__To do__
Every line in the data below from the one containing "real) \<Rightarrow> (nat" down to the one containing "(\<exists>l. av_converges av", both included, must be retyped exactly; no other line is to appear.

__Records supplied__
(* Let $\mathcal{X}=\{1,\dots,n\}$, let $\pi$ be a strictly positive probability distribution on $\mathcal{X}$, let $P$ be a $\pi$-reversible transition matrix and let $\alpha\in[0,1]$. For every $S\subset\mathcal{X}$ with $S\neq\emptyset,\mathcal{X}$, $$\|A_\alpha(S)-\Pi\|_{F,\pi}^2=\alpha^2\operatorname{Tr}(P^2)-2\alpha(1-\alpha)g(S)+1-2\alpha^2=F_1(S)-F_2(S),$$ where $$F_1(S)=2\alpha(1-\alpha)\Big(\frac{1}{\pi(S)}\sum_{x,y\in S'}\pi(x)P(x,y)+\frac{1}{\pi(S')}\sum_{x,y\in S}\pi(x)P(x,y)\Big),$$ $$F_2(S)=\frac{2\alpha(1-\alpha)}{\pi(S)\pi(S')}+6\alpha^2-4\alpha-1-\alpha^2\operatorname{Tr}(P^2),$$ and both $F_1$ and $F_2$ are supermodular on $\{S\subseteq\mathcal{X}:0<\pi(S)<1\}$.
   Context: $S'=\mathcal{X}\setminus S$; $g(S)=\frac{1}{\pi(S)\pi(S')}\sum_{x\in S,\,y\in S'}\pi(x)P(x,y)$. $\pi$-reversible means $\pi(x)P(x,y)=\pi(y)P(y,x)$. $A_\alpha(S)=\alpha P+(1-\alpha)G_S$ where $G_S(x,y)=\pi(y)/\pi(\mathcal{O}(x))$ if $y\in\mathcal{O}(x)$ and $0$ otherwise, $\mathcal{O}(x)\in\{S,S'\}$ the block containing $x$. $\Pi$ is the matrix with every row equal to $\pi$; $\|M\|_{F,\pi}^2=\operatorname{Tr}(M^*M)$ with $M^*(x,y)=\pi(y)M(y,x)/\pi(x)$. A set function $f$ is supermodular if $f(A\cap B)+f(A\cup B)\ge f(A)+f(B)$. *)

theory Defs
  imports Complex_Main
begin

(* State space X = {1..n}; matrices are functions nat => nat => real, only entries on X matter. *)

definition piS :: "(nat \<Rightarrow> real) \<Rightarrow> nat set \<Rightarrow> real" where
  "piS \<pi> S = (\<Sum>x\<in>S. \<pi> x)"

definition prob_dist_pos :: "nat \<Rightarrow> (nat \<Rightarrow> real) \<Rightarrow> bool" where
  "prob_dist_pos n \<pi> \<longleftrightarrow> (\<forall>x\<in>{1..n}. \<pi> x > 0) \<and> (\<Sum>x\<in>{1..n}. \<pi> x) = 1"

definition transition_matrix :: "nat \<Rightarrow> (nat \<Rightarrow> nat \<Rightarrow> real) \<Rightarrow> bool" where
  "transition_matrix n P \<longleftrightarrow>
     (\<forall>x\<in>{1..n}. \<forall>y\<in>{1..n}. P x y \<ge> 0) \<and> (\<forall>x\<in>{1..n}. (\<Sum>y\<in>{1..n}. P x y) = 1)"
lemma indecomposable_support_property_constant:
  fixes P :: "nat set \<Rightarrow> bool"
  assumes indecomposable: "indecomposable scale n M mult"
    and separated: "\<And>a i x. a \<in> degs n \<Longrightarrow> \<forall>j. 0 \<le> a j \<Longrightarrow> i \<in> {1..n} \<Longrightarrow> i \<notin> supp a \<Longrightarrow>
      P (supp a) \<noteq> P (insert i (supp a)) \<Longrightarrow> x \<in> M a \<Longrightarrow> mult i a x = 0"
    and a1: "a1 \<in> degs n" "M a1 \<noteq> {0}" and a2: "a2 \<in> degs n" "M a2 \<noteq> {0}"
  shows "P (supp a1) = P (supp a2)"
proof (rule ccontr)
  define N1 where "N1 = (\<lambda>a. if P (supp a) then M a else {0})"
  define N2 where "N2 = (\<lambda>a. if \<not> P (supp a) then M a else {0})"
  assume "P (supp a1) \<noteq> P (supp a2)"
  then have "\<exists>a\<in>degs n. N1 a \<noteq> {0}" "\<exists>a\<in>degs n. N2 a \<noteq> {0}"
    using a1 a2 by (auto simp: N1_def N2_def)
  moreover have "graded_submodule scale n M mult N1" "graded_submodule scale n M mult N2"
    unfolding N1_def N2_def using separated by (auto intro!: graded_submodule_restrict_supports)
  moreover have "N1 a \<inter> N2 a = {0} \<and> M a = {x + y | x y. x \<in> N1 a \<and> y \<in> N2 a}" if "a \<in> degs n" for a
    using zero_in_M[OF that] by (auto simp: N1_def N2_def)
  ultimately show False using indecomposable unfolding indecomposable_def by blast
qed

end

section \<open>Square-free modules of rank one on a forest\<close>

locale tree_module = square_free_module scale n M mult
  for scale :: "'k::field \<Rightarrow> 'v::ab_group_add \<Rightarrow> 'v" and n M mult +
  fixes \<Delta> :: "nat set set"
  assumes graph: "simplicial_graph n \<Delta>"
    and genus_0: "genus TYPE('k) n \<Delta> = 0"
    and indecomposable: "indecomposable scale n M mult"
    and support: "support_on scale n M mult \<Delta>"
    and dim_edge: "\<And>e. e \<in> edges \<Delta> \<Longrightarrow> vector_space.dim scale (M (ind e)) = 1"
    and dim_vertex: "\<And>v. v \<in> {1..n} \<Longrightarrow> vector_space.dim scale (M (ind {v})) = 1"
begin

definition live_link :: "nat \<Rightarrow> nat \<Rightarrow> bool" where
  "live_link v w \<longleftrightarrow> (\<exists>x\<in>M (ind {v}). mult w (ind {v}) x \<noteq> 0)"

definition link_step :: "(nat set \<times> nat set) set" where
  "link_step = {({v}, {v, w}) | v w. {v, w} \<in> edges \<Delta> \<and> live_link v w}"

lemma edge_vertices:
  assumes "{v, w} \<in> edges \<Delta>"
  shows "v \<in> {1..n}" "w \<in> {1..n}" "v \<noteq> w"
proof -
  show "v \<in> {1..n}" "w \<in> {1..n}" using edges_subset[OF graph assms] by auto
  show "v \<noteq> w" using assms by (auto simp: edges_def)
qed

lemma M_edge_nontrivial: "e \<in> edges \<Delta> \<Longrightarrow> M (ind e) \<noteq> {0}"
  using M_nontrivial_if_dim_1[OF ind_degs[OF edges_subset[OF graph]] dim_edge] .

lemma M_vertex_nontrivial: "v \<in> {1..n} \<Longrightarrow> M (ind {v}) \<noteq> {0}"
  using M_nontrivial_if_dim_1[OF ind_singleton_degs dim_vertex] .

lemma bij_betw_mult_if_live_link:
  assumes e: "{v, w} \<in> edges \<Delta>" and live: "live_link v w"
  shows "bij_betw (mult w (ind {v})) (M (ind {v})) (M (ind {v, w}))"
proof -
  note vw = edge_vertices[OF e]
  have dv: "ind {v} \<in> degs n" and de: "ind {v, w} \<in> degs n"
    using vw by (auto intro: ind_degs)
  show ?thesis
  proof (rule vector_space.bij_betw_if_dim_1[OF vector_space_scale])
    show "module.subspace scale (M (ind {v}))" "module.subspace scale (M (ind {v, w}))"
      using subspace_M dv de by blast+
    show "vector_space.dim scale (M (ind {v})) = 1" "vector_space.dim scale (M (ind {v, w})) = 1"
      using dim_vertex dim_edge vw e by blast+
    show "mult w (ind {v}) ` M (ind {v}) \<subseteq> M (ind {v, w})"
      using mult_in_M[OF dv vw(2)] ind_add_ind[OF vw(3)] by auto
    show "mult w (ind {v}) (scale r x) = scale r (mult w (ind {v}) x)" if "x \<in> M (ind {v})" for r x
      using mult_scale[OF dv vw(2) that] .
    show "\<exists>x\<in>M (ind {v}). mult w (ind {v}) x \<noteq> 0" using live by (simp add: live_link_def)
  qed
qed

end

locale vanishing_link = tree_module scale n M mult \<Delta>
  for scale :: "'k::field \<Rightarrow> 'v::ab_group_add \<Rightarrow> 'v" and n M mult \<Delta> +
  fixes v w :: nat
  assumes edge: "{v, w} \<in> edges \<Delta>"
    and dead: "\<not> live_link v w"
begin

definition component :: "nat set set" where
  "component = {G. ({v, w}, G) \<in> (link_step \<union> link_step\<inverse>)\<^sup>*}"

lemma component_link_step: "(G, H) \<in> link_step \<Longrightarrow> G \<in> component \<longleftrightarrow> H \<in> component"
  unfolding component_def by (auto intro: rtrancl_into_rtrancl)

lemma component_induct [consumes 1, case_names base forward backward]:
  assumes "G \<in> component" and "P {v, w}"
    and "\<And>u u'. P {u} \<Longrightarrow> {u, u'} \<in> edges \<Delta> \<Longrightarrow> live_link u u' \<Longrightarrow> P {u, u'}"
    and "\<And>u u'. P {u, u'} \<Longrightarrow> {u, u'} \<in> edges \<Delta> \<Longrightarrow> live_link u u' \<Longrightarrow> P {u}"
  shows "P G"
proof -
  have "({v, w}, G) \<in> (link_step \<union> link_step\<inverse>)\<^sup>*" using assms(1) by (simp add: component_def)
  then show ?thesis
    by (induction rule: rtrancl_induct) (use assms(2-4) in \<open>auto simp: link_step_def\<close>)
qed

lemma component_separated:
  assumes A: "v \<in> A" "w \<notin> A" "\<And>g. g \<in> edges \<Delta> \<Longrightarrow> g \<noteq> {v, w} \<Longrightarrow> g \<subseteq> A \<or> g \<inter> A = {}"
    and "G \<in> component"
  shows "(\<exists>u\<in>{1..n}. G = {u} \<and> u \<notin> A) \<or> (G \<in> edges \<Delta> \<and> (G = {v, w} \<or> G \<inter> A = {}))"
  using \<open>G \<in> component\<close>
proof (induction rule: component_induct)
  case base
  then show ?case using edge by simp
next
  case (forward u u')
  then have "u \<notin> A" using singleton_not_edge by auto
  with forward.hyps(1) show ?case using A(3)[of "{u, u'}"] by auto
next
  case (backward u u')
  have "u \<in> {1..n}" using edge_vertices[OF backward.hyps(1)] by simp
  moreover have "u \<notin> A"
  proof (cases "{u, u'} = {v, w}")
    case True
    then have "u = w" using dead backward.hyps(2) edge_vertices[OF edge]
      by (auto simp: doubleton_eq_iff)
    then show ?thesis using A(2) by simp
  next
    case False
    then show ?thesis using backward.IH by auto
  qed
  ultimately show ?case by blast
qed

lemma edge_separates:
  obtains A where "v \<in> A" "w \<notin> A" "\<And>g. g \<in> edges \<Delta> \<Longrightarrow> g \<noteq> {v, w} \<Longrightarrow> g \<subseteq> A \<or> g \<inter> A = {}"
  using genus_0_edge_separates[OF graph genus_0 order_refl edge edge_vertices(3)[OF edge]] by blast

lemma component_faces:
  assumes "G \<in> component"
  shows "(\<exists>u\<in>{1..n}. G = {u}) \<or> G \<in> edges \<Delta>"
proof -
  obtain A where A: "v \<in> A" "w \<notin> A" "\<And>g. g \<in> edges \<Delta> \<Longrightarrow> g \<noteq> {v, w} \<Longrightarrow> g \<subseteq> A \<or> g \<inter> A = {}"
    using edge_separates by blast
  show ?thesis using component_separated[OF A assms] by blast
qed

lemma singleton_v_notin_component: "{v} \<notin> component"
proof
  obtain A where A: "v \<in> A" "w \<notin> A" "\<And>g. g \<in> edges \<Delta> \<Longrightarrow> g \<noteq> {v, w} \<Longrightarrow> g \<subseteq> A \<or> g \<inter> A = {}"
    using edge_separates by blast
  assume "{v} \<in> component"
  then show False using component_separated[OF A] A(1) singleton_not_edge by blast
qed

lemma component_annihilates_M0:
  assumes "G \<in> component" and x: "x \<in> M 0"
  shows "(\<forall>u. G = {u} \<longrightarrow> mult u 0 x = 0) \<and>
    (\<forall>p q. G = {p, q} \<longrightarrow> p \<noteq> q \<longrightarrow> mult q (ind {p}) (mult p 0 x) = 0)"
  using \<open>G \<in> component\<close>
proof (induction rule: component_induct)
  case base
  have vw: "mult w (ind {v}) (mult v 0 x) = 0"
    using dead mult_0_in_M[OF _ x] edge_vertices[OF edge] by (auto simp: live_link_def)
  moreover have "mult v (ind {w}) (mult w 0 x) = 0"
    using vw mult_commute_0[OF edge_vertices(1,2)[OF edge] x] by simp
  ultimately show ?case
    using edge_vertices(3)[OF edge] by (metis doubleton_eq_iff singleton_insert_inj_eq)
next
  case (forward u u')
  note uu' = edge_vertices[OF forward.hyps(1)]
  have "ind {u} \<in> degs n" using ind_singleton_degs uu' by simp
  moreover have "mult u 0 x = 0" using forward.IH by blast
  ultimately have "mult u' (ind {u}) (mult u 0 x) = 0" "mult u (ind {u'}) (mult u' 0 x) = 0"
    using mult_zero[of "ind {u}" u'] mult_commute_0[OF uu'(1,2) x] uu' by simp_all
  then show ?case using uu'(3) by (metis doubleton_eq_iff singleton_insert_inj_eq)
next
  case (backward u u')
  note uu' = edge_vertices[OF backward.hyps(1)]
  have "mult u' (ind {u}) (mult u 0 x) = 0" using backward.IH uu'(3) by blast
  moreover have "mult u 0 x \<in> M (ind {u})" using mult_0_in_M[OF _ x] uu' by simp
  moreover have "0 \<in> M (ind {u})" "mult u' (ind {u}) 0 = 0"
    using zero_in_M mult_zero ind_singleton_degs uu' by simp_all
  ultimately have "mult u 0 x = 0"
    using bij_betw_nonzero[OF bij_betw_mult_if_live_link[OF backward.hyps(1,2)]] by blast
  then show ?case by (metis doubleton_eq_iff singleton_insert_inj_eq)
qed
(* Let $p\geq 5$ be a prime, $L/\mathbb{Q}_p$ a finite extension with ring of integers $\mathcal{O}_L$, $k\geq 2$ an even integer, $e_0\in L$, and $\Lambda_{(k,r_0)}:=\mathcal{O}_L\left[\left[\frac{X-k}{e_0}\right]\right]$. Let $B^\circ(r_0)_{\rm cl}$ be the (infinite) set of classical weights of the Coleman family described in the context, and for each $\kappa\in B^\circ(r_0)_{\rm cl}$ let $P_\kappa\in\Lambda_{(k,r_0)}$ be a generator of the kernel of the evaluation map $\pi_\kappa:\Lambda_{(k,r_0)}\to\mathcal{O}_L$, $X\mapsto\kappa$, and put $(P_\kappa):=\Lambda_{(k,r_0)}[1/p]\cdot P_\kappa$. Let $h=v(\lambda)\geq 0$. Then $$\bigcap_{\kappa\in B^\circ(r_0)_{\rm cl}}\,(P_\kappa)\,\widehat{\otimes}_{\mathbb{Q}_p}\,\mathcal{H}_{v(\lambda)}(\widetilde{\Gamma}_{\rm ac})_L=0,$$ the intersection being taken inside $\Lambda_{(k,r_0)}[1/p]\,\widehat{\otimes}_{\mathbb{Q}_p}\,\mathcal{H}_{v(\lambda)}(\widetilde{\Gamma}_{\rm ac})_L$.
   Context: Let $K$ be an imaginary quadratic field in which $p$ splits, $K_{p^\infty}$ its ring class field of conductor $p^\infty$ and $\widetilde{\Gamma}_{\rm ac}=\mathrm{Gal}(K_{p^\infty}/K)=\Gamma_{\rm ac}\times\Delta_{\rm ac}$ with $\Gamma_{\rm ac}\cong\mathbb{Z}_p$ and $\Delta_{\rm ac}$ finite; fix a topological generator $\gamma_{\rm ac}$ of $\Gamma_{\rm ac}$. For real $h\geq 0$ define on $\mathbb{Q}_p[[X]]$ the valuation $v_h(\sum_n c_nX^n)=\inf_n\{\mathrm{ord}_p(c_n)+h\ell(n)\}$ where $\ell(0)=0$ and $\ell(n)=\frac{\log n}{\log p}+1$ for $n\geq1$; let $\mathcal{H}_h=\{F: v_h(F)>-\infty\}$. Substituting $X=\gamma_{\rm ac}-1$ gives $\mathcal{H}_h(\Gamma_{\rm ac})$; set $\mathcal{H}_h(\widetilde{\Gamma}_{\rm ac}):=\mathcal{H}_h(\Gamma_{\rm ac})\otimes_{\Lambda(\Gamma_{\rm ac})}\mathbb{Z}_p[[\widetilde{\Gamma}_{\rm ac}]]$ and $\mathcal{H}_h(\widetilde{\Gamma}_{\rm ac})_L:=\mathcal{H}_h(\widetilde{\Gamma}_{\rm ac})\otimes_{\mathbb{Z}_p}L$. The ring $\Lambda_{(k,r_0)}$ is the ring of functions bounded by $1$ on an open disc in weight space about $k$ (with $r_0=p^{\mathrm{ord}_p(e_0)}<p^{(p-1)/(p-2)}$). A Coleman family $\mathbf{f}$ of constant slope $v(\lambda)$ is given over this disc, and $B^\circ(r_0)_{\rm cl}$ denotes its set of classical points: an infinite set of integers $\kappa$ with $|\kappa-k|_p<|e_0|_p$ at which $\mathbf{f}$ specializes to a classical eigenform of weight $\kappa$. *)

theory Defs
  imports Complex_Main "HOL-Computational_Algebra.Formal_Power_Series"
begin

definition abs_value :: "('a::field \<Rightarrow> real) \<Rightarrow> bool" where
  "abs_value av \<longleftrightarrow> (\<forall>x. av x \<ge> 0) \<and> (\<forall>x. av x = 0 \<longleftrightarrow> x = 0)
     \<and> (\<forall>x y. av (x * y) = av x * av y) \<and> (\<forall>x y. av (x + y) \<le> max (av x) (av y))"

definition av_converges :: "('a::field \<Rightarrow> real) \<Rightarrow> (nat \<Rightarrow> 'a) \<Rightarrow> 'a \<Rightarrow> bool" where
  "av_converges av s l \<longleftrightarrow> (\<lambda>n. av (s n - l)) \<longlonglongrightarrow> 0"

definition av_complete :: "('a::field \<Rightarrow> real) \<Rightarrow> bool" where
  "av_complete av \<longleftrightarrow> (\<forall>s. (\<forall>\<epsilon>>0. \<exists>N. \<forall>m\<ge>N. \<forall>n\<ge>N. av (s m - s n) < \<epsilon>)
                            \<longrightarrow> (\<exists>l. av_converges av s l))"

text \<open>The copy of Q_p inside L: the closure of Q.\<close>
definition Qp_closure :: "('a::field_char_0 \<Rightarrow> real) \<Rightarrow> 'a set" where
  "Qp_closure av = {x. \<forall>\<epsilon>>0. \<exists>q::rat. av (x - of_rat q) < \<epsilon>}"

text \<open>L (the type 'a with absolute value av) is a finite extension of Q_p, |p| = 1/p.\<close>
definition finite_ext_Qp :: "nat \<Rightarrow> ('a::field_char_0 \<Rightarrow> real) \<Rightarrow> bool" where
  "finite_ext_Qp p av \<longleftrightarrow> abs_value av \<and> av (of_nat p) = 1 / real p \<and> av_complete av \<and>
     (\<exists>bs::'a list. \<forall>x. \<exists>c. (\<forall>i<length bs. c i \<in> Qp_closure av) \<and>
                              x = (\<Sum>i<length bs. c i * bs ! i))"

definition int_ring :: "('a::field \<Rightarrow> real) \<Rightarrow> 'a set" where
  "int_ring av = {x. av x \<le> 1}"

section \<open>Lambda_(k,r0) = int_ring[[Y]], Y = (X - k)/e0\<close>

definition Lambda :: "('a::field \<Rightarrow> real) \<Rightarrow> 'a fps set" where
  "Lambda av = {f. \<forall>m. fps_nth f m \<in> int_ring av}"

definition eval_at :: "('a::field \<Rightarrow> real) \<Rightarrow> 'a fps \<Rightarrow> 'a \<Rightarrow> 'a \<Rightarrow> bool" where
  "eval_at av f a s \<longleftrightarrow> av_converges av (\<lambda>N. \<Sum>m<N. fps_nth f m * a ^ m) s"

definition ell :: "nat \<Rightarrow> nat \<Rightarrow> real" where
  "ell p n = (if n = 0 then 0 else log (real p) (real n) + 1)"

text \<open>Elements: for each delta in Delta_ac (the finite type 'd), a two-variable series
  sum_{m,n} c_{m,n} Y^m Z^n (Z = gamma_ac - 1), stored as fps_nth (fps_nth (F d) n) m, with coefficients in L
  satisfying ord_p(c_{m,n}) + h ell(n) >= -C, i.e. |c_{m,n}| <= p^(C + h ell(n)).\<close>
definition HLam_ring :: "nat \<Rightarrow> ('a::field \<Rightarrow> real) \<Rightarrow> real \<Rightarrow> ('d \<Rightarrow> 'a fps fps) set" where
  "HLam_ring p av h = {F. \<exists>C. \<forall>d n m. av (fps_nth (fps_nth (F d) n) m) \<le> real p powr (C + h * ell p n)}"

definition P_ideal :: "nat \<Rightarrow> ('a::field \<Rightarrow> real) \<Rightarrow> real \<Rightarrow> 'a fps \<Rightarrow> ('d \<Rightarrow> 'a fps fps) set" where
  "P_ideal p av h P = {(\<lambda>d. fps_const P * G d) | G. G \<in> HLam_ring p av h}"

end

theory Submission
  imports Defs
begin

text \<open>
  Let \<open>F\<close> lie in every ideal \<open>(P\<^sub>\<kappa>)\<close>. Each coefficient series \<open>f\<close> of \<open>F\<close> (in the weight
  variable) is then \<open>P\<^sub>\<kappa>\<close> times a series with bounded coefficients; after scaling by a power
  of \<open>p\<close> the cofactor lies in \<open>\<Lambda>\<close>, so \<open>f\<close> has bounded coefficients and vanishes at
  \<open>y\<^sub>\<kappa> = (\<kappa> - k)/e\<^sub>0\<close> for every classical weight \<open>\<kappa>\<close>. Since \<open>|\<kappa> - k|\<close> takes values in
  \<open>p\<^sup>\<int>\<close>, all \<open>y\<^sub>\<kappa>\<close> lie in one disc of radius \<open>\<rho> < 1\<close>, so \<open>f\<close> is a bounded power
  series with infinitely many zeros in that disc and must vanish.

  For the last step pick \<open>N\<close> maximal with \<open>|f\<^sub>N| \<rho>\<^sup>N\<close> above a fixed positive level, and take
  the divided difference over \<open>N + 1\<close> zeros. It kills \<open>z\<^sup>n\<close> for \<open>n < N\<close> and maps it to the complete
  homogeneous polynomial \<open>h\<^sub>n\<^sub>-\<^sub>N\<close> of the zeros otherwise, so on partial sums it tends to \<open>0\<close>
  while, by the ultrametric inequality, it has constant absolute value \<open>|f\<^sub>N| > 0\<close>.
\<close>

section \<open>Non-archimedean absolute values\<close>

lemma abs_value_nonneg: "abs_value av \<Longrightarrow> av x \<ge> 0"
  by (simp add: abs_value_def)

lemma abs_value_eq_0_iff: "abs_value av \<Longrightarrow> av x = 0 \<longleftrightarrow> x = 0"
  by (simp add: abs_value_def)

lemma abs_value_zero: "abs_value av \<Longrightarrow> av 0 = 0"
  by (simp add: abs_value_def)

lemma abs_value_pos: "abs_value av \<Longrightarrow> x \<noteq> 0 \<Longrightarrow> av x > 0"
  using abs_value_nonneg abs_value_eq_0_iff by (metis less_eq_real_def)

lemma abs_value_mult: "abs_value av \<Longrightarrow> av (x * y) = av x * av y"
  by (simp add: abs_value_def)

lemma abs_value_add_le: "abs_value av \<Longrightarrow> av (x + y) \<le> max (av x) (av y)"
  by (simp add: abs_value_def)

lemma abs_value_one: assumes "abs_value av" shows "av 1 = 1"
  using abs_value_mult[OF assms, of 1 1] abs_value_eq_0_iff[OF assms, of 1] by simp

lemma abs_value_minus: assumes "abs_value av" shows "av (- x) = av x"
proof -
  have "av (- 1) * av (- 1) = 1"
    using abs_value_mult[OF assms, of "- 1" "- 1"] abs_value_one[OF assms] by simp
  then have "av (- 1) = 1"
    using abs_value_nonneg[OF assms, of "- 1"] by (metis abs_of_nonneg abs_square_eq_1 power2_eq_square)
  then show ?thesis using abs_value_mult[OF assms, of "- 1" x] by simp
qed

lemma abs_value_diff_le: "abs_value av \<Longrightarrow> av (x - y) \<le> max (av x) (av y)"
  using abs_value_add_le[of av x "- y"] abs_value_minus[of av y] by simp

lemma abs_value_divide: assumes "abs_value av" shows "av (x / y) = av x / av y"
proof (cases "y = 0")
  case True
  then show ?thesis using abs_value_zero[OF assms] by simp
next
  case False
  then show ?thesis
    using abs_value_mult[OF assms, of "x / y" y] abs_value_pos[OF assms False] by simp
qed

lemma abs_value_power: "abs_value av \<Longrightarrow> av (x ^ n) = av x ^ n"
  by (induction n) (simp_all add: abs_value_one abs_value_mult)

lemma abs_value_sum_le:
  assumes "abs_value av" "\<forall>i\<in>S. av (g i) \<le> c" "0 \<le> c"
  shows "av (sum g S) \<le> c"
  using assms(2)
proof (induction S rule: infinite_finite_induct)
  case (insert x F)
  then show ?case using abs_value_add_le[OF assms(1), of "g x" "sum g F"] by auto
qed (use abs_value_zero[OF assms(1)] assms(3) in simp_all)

__Solution to this exercise__
definition av_converges :: "('a::field \<Rightarrow> real) \<Rightarrow> (nat \<Rightarrow> 'a) \<Rightarrow> 'a \<Rightarrow> bool" where
  "av_converges av s l \<longleftrightarrow> (\<lambda>n. av (s n - l)) \<longlonglongrightarrow> 0"

definition av_complete :: "('a::field \<Rightarrow> real) \<Rightarrow> bool" where
  "av_complete av \<longleftrightarrow> (\<forall>s. (\<forall>\<epsilon>>0. \<exists>N. \<forall>m\<ge>N. \<forall>n\<ge>N. av (s m - s n) < \<epsilon>)
                            \<longrightarrow> (\<exists>l. av_converges av s l))"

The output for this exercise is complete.